++++ Data for this exercise ++++

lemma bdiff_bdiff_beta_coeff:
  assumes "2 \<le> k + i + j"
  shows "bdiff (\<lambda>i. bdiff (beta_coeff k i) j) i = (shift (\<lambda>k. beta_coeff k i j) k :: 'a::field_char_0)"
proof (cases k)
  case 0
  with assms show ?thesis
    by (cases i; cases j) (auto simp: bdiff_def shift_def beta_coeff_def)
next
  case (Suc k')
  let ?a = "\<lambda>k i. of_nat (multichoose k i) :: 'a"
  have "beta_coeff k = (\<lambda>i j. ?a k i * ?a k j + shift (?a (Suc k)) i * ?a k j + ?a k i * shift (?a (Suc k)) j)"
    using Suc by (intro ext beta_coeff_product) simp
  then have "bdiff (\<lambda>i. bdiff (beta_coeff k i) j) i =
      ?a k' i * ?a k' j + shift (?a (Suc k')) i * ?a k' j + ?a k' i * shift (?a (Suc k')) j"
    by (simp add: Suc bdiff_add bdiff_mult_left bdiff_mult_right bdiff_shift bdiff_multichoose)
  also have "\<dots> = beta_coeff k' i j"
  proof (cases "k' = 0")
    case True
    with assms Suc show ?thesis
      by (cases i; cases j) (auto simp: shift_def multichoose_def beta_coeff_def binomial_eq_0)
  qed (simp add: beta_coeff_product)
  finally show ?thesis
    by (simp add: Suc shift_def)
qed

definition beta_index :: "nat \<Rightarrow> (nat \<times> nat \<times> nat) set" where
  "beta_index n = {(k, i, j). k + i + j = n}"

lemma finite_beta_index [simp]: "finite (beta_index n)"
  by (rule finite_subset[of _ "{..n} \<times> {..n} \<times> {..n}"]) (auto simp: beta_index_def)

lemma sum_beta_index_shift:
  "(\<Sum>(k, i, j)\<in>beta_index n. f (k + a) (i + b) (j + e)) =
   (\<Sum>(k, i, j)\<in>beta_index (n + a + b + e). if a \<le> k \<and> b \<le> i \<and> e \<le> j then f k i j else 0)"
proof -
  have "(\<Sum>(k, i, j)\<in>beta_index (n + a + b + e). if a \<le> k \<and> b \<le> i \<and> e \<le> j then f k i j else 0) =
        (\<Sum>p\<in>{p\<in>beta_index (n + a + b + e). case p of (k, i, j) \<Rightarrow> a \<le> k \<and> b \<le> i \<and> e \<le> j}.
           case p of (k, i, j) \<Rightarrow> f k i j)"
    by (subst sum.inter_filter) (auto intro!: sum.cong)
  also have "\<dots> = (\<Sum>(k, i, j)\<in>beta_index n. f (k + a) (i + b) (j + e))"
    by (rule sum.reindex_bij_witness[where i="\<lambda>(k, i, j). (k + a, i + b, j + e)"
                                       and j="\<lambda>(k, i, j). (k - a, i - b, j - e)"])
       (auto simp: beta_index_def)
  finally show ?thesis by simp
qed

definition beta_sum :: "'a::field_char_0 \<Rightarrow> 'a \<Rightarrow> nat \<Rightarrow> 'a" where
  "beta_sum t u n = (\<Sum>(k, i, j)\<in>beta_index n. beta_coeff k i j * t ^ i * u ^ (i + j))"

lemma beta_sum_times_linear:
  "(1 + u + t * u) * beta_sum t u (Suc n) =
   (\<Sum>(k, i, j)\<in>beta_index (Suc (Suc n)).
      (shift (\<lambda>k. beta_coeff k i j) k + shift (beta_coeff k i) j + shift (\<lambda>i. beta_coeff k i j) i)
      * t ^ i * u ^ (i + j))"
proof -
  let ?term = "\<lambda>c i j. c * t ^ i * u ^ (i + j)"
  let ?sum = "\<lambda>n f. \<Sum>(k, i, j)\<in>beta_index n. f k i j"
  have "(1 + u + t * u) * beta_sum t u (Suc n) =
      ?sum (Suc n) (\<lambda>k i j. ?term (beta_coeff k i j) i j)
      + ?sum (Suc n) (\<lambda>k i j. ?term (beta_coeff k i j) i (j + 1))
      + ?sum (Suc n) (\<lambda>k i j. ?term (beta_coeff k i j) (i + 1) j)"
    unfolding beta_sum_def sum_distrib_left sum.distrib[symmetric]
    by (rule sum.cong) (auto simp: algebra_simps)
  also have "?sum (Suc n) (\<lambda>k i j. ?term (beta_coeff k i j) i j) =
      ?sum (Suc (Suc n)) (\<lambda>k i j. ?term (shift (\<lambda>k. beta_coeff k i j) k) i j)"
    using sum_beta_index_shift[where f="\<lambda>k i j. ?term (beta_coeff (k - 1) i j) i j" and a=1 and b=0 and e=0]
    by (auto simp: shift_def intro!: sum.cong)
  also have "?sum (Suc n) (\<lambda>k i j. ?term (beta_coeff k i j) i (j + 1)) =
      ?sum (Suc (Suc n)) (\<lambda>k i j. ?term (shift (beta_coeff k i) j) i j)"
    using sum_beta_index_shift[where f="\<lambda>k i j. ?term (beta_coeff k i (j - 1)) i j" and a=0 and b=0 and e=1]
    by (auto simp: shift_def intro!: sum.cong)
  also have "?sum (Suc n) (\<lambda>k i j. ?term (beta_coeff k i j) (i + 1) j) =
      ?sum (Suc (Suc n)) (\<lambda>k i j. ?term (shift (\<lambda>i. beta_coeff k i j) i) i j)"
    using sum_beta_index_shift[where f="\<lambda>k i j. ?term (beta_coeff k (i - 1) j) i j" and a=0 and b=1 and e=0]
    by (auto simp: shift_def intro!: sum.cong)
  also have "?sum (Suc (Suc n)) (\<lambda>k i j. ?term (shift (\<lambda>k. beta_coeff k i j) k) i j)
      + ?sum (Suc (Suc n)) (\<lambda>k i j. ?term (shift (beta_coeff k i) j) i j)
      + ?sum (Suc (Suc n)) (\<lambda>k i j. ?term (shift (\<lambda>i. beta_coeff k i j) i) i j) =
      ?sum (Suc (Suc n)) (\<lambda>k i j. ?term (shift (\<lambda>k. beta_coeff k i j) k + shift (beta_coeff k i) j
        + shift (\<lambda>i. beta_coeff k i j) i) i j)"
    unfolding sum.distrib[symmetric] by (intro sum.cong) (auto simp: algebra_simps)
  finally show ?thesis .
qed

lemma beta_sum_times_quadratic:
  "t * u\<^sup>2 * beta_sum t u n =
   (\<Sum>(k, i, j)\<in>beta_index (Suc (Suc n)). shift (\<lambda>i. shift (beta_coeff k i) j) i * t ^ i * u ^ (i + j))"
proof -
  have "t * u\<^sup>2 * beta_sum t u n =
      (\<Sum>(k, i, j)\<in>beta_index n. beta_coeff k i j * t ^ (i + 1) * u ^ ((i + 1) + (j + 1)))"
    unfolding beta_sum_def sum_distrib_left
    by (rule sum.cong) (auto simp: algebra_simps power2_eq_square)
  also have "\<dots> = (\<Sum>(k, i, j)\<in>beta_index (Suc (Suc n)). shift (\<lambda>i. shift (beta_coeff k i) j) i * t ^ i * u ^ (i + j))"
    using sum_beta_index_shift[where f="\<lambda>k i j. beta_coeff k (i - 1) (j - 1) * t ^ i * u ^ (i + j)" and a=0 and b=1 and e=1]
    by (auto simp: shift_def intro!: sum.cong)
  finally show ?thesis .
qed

++++
++++ Data for this exercise ++++

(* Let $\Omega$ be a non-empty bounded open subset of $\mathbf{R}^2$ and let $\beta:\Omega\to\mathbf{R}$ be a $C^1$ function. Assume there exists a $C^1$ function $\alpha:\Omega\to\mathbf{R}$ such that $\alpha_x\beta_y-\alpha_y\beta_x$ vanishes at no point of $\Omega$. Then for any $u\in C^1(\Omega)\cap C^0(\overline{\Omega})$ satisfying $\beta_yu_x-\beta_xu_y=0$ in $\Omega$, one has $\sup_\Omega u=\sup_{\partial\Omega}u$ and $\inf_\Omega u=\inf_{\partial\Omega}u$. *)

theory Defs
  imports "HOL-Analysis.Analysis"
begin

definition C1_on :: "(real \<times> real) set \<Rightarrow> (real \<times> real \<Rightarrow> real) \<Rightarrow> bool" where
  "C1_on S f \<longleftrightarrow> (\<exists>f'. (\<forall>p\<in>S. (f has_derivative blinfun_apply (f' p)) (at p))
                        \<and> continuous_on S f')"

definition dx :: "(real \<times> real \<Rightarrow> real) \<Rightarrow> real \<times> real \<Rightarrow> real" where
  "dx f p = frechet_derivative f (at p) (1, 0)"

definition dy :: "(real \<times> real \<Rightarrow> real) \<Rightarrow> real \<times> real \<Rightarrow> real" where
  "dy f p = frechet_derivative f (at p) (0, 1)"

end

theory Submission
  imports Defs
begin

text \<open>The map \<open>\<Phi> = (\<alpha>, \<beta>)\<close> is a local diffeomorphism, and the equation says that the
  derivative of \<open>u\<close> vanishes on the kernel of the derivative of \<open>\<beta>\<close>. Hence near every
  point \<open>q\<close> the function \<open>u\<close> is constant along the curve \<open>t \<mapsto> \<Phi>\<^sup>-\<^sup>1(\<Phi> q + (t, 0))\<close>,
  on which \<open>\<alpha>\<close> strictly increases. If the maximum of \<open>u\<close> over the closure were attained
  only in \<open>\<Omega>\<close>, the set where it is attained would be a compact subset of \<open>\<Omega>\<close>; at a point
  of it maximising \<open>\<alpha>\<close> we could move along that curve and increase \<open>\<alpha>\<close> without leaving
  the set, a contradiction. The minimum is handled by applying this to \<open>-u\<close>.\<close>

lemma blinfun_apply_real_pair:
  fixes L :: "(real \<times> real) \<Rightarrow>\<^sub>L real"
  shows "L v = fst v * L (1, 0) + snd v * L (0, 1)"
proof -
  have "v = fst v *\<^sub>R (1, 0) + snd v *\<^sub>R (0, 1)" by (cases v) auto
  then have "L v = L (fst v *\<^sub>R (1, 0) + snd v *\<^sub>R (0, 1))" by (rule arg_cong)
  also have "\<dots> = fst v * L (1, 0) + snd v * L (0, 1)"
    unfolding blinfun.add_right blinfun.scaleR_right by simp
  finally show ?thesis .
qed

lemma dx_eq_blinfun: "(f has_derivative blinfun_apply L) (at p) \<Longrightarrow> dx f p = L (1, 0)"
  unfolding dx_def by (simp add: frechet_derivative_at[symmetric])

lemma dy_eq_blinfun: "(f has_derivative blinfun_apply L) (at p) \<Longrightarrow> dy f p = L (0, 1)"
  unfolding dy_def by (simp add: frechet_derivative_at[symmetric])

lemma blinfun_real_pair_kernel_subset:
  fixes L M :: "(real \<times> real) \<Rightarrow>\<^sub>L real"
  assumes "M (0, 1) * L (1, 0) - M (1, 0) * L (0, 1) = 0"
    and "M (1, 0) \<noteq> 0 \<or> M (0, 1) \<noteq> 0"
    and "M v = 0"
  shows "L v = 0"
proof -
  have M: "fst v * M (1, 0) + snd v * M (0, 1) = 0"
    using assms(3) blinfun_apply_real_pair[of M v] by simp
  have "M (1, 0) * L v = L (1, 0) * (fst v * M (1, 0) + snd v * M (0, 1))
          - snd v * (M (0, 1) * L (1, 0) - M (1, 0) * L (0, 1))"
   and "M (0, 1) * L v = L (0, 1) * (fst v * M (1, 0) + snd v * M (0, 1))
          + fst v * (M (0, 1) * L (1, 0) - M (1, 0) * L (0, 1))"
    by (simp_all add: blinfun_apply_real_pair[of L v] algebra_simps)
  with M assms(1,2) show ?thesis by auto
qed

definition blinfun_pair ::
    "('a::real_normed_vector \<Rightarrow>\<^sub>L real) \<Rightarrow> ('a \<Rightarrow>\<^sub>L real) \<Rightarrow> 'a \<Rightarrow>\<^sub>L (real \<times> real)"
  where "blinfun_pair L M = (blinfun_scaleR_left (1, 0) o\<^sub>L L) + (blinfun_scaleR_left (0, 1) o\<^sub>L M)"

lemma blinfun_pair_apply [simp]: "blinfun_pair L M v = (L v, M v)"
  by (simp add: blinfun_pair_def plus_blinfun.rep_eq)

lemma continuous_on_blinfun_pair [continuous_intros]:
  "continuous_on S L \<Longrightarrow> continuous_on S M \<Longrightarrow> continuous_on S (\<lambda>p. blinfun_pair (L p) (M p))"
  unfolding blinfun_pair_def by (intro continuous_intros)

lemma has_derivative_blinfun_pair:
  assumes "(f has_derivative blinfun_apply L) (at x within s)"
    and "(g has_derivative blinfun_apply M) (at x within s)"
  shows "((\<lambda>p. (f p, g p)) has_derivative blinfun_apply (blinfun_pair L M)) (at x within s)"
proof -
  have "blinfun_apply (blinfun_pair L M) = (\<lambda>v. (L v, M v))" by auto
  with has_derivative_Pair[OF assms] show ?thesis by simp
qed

++++

* **The task**
From the records, copy every line that has the string "attained" in it.

* **Problem solution**
  on which \<open>\<alpha>\<close> strictly increases. If the maximum of \<open>u\<close> over the closure were attained
  only in \<open>\<Omega>\<close>, the set where it is attained would be a compact subset of \<open>\<Omega>\<close>; at a point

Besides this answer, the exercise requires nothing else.